Whilst records for the years preceding the 1970s are scarce, it is known that the observatory was used for student instruction during the 1970s and some of the 1980s. Some project work on photography and photometry was carried out, but results on the former at least were limited, due to the slow focal ratio of the instrument, and difficulties with tracking and guiding during the exposures.
In around 1980, the 8" refractor was replaced by a Celestron C14 14" Schmidt Cassegrain telescope, a considerable improvement over the usability of the former telescope. In 1994, the C14 optics were relocated to the Woomera optical observatory (research continued there until 1998).
In 2002, an 8" Meade LX-200 was installed in the campus observatory, and started to be used with the CCD camera that formerly was in use at Woomera (an SBIG ST-6A with six-position filter wheel). This combination allowed effective observations to be carried out, and some observations of cataclysmic variables were undertaken in collaboration with the Centre for Backyard Astrophysics at Columbia University, New York. Also, student projects on photometry, imaging and basic spectroscopy were started.
By observing the known transiting exoplanet HD209458b, it was found that the telescope was capable of useful data on transiting exoplanets (typical magnitude errors at the milli-magnitude level, 8" telescope, V filter, binned 20-second integrations).

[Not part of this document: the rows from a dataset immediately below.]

lemma set_expand_at:
  assumes "distinct as" "1 \<le> k" "k \<le> length as"
  shows "set (expand_at d k as) = (set as - {as ! (k - 1)}) \<union> set (child_addrs d (as ! (k - 1)))"
proof -
  obtain P x S where split: "as = P @ x # S" "k = Suc (length P)"
    using split_at_nth assms(2,3) by metis
  have "x \<notin> set P" "x \<notin> set S" using assms(1) unfolding split by auto
  then have "set as - {as ! (k - 1)} = set P \<union> set S" unfolding split by auto
  moreover have "set (expand_at d k as) = set P \<union> set (child_addrs d x) \<union> set S"
    unfolding split by (simp add: expand_at_append Un_assoc)
  moreover have "as ! (k - 1) = x" unfolding split by simp
  ultimately show ?thesis by blast
qed

lemma expand_at_inj:
  assumes "d \<ge> 1" "1 \<le> k" "k \<le> length as" "length as = length bs" "expand_at d k as = expand_at d k bs"
  shows "as = bs"
proof -
  obtain P x S where as: "as = P @ x # S" "k = Suc (length P)"
    using split_at_nth assms(2,3) by metis
  obtain Q y R where bs: "bs = Q @ y # R" "k = Suc (length Q)"
    using split_at_nth assms(2-4) by metis
  have "P @ child_addrs d x @ S = expand_at d k as"
    unfolding as by (rule expand_at_append[symmetric])
  also have "\<dots> = expand_at d k bs" by (rule assms(5))
  also have "\<dots> = Q @ child_addrs d y @ R"
    unfolding bs by (rule expand_at_append)
  finally have eq: "P @ child_addrs d x @ S = Q @ child_addrs d y @ R" .
  have "length P = length Q" using as(2) bs(2) by simp
  then have PQ: "P = Q" and "child_addrs d x @ S = child_addrs d y @ R"
    using eq append_eq_append_conv by blast+
  then have ch: "child_addrs d x = child_addrs d y" and SR: "S = R"
    using append_eq_append_conv[of "child_addrs d x" "child_addrs d y"] by auto
  have "x = y" using arg_cong[OF ch, of "\<lambda>l. l ! 0"] assms(1) by (simp add: child_addrs_def)
  then show ?thesis unfolding as(1) bs(1) using PQ SR by simp
qed

lemma expand_at_map_Cons_append:
  assumes "1 \<le> k" "k \<le> length as"
  shows "expand_at d k (map (Cons i) as @ bs) = map (Cons i) (expand_at d k as) @ bs"
proof -
  obtain P x S where split: "as = P @ x # S" "k = Suc (length P)"
    using split_at_nth assms by metis
  have "map (Cons i) as @ bs = map (Cons i) P @ (i # x) # (map (Cons i) S @ bs)"
    unfolding split by simp
  then have "expand_at d k (map (Cons i) as @ bs) = map (Cons i) P @ child_addrs d (i # x) @ map (Cons i) S @ bs"
    using expand_at_append[of d "map (Cons i) P" "i # x" "map (Cons i) S @ bs"] split(2) by simp
  moreover have "child_addrs d (i # x) = map (Cons i) (child_addrs d x)"
    by (simp add: child_addrs_def)
  moreover have "expand_at d k as = P @ child_addrs d x @ S"
    unfolding split by (rule expand_at_append)
  ultimately show ?thesis by simp
qed

lemma expand_at_append_right:
  assumes "length A < k" "k \<le> length A + length B"
  shows "expand_at d k (A @ B) = A @ expand_at d (k - length A) B"
proof -
  have "1 \<le> k - length A" "k - length A \<le> length B" using assms by auto
  then obtain P x S where split: "B = P @ x # S" "k - length A = Suc (length P)"
    by (rule split_at_nth)
  have "k = Suc (length (A @ P))" using split(2) assms(1) by simp
  then have "expand_at d k ((A @ P) @ x # S) = (A @ P) @ child_addrs d x @ S"
    by (simp only: expand_at_append)
  moreover have "expand_at d (k - length A) B = P @ child_addrs d x @ S"
    unfolding split by (rule expand_at_append)
  ultimately show ?thesis unfolding split(1) by simp
qed

lemma growl_props:
  assumes grow_props: "\<And>t k. t \<in> set ts \<Longrightarrow> 1 \<le> k \<Longrightarrow> k \<le> leaves t \<Longrightarrow>
      dvalid d (grow d k t) \<and> leaves (grow d k t) = leaves t + d - 1 \<and>
      leaf_addrs (grow d k t) = expand_at d k (leaf_addrs t)"
    and "\<forall>t\<in>set ts. dvalid d t" "1 \<le> k" "k \<le> sum_list (map leaves ts)"
  shows "(\<forall>t\<in>set (growl d k ts). dvalid d t) \<and> length (growl d k ts) = length ts \<and>
    sum_list (map leaves (growl d k ts)) = sum_list (map leaves ts) + d - 1 \<and>
    leaf_addrs_list i (growl d k ts) = expand_at d k (leaf_addrs_list i ts)"
  using assms
proof (induction ts arbitrary: i k)
  case Nil
  then show ?case by simp
next
  case (Cons t ts)
  show ?case
  proof (cases "k \<le> leaves t")
    case True
    then have "dvalid d (grow d k t) \<and> leaves (grow d k t) = leaves t + d - 1 \<and>
        leaf_addrs (grow d k t) = expand_at d k (leaf_addrs t)"
      using Cons.prems by simp
    moreover have "expand_at d k (leaf_addrs_list i (t # ts)) =
        map (Cons i) (expand_at d k (leaf_addrs t)) @ leaf_addrs_list (Suc i) ts"
      using expand_at_map_Cons_append True Cons.prems(3) by (simp add: length_leaf_addrs)
    ultimately show ?thesis using True Cons.prems(2,3) by auto
  next
    case False
    have IH: "(\<forall>t\<in>set (growl d (k - leaves t) ts). dvalid d t) \<and> length (growl d (k - leaves t) ts) = length ts \<and>
        sum_list (map leaves (growl d (k - leaves t) ts)) = sum_list (map leaves ts) + d - 1 \<and>
        leaf_addrs_list (Suc i) (growl d (k - leaves t) ts) = expand_at d (k - leaves t) (leaf_addrs_list (Suc i) ts)"
      using Cons.IH[of "k - leaves t" "Suc i"] Cons.prems False by simp
    have "expand_at d k (leaf_addrs_list i (t # ts)) =
        map (Cons i) (leaf_addrs t) @ expand_at d (k - leaves t) (leaf_addrs_list (Suc i) ts)"
      using expand_at_append_right[of "map (Cons i) (leaf_addrs t)" k "leaf_addrs_list (Suc i) ts"] False Cons.prems(4)
      by (simp add: length_leaf_addrs length_leaf_addrs_list)
    moreover have "sum_list (map leaves ts) \<ge> 1" using False Cons.prems(4) by simp
    ultimately show ?thesis using IH False Cons.prems(2) by auto
  qed
qed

In about 2006, the 8" was replaced by the C14 optics mounted in a larger Meade LX-200 fork mounting, and soon a larger and more efficient SBIG ST-9 CCD camera was bought. Since then, most observations have been of exoplanet host stars. Student work is undertaken, including projects in basic spectroscopy, deep-sky and solar imaging, and photometry.
A Shelyak LHIRES III spectrograph was obtained in June 2018. This instrument allows spectroscopy to be undertaken at a variety of dispersions, from low-dispersion/resolution spectra over (almost) the full visual range of wavelengths, to high-dispersion/resolution spectra over short wavelength ranges (e.g. for individual emission/absorption lines).
This allows a wide range of teaching and research program to be undertaken in spectroscopy, including long-term projects such as monitoring lines in the spectrum of Eta Carinae during its 5.4-year binary orbital period.